Hace apenas unos días, un grupo de investigadores británicos, de la Universidad de Sheffield, aseguraban estar plenamente convencidos de haber encontrado organismos de origen extraterrestre en nuestra atmósfera, a 27 km. de altura. Milton Wainwright, director de la investigación, afirmaba entonces que “la mayoría de las personas sostendrá que estas partículas biológicas deben, por fuerza, haberse desplazado a la estratosfera desde la Tierra, pero es sabido que una partícula del tamaño de las que hemos encontrado no puede elevarse desde la Tierra hasta alturas, por ejemplo, de 27 km. La única excepción podría deberse a una violenta erupción volcánica (que empujara a esas partículas hacia arriba), pero nada de eso ha sucedido durante los tres años en que hemos estado recogiendo muestras”.

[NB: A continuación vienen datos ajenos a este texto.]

lemma minimizing_sequence_Cauchy:
  fixes M :: "'a::complex_inner set"
  assumes sub: "csubspace M" and d0: "0 \<le> d"
    and dle: "\<And>m. m \<in> M \<Longrightarrow> d \<le> norm (x - m)"
    and f: "\<And>n. f n \<in> M" "\<And>n. norm (x - f n) < d + inverse (real (Suc n))"
  shows "Cauchy f"
proof (rule metric_CauchyI)
  fix e :: real assume e: "0 < e"
  obtain N :: nat where N: "(8*d+4) / e^2 < real N" using reals_Archimedean2 by blast
  have Npos: "0 < real N"
    using N e d0 by (smt (verit) divide_nonneg_pos zero_less_power)
  define \<epsilon> where "\<epsilon> = inverse (real (Suc N))"
  have eps: "0 < \<epsilon>" "\<epsilon> \<le> 1" by (auto simp: \<epsilon>_def inverse_le_1_iff)
  have small: "(8*d+4) * \<epsilon> < e^2"
  proof -
    have "(8*d+4) * \<epsilon> \<le> (8*d+4) / real N"
      using Npos d0 by (simp add: \<epsilon>_def divide_simps)
    also have "\<dots> < e^2" using N e Npos by (simp add: divide_simps mult.commute)
    finally show ?thesis .
  qed
  show "\<exists>N. \<forall>m\<ge>N. \<forall>n\<ge>N. dist (f m) (f n) < e"
  proof (intro exI allI impI)
    fix m n assume mn: "N \<le> m" "N \<le> n"
    have em: "inverse (real (Suc m)) \<le> \<epsilon>" "inverse (real (Suc n)) \<le> \<epsilon>"
      using mn by (auto simp: \<epsilon>_def intro!: le_imp_inverse_le)
    define p where "p = norm (x - f m) - d"
    define q where "q = norm (x - f n) - d"
    have p: "0 \<le> p" "p \<le> \<epsilon>" using dle[OF f(1)[of m]] f(2)[of m] em by (auto simp: p_def)
    have q: "0 \<le> q" "q \<le> \<epsilon>" using dle[OF f(1)[of n]] f(2)[of n] em by (auto simp: q_def)
    have "scaleR (1/2) (f m + f n) \<in> M"
      using sub f(1) by (intro csubspace_scaleR) (auto simp: csubspace_def)
    then have "(norm (f m - f n))^2 \<le> 2*(d+p)^2 + 2*(d+q)^2 - 4*d^2"
      using parallelogram_midpoint_bound[OF dle d0] by (simp add: p_def q_def)
    also have "\<dots> = 4*d*p + 2*p^2 + 4*d*q + 2*q^2" by (simp add: algebra_simps power2_eq_square)
    also have "\<dots> \<le> (8*d+4) * \<epsilon>"
    proof -
      have "p^2 \<le> \<epsilon>" "q^2 \<le> \<epsilon>" using p q eps
        by (metis order_trans mult_le_one power2_eq_square mult_right_mono mult_1_left)+
      moreover have "d*p \<le> d*\<epsilon>" "d*q \<le> d*\<epsilon>" using p q d0 by (auto intro: mult_left_mono)
      ultimately show ?thesis by (simp add: algebra_simps)
    qed
    also have "\<dots> < e^2" by (rule small)
    finally have "(dist (f m) (f n))^2 < e^2" by (simp add: dist_norm)
    then show "dist (f m) (f n) < e" using e by (simp add: power_less_imp_less_base)
  qed
qed

lemma nearest_point_orth:
  fixes M :: "'a::complex_inner set"
  assumes sub: "csubspace M" and mM: "m \<in> M"
    and nearest: "\<And>y. y \<in> M \<Longrightarrow> norm (x - m) \<le> norm (x - y)"
  shows "x - m \<in> orth M"
  unfolding orth_def
proof safe
  fix y assume yM: "y \<in> M"
  define z where "z = x - m"
  define w where "w = cinner y z"
  define t where "t = 1 / ((norm y)^2 + 1)"
  have t: "0 < t" "t * (norm y)^2 < 1"
    by (auto simp: t_def divide_simps) (smt (verit) zero_le_power2)+
  have "m + scaleC (of_real t * w) y \<in> M" using sub mM yM by (auto simp: csubspace_def)
  then have "norm z \<le> norm (z - scaleC (of_real t * w) y)"
    using nearest by (fastforce simp: z_def algebra_simps)
  then have "(norm z)^2 \<le> (norm (z - scaleC (of_real t * w) y))^2"
    by (simp add: power_mono)
  also have "\<dots> = (norm z)^2 - 2*t*(cmod w)^2 + t^2*(cmod w)^2*(norm y)^2"
    unfolding w_def by (rule norm_diff_scale_sq)
  finally have "2*t*(cmod w)^2 \<le> t*(cmod w)^2 * (t*(norm y)^2)"
    by (simp add: power2_eq_square algebra_simps)
  also have "\<dots> \<le> t*(cmod w)^2" using t by (intro mult_left_le) auto
  finally have "(cmod w)^2 \<le> 0" using t by (simp add: algebra_simps)
  then show "cinner y (x - m) = 0" by (simp add: w_def z_def)
qed

lemma orthogonal_decomposition:
  fixes M :: "'a::chilbert_space set"
  assumes "closed_csubspace M"
  shows "\<exists>a\<in>M. \<exists>b\<in>orth M. x = a + b"
proof -
  have sub: "csubspace M" and cl: "closed M" using assms by (auto simp: closed_csubspace_def)
  have M0: "0 \<in> M" using sub by (simp add: csubspace_def)
  define d where "d = Inf ((\<lambda>m. norm (x - m)) ` M)"
  have bdd: "bdd_below ((\<lambda>m. norm (x - m)) ` M)" by (rule bdd_belowI[of _ 0]) auto
  have dle: "d \<le> norm (x - m)" if "m \<in> M" for m
    unfolding d_def using bdd that by (rule cINF_lower)
  have d0: "0 \<le> d" unfolding d_def using M0 by (intro cINF_greatest) auto
  have "\<exists>m\<in>M. norm (x - m) < d + inverse (real (Suc n))" for n
  proof -
    have "Inf ((\<lambda>m. norm (x - m)) ` M) < d + inverse (real (Suc n))"
      unfolding d_def[symmetric] by simp
    then show ?thesis using cInf_lessD[of "(\<lambda>m. norm (x - m)) ` M"] M0 by blast
  qed
  then obtain f where f: "\<And>n. f n \<in> M" "\<And>n. norm (x - f n) < d + inverse (real (Suc n))"
    by metis
  have "Cauchy f" by (rule minimizing_sequence_Cauchy[OF sub d0 dle f]) auto
  then obtain m where lim: "f \<longlonglongrightarrow> m" using Cauchy_convergent convergent_def by blast
  have mM: "m \<in> M" using cl f(1) lim closed_sequentially by blast
  have "norm (x - m) \<le> d"
  proof (rule tendsto_le[OF trivial_limit_sequentially])
    show "(\<lambda>n. norm (x - f n)) \<longlonglongrightarrow> norm (x - m)" by (intro tendsto_intros lim)
    show "(\<lambda>n. d + inverse (real (Suc n))) \<longlonglongrightarrow> d"
      using tendsto_add[OF tendsto_const LIMSEQ_inverse_real_of_nat] by simp
    show "\<forall>\<^sub>F n in sequentially. norm (x - f n) \<le> d + inverse (real (Suc n))"
      by (intro always_eventually allI less_imp_le[OF f(2)])
  qed
  then have "x - m \<in> orth M"
    using dle by (intro nearest_point_orth[OF sub mM]) (meson order_trans)
  then show ?thesis using mM by force
qed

Ahora, un equipo de la Universidad Victoria, en Nueva Zelanda, acaba de revelar cómo una erupción explosiva sucedida hace 25.000 años consiguió enviar microorganismos hasta 850 km. de distancia, un hecho que revela la existencia de un nuevo mecanismo de diseminación y evolución de la vida en la Tierra. El estudio acaba de publicarse en la revista Geology.
Investigadores descubren cómo una megaerupción sucedida hace 25.000 años consiguió enviar microorganismos hasta 850 km de distancia, un nuevo mecanismo de diseminación de la vida en la Tierra.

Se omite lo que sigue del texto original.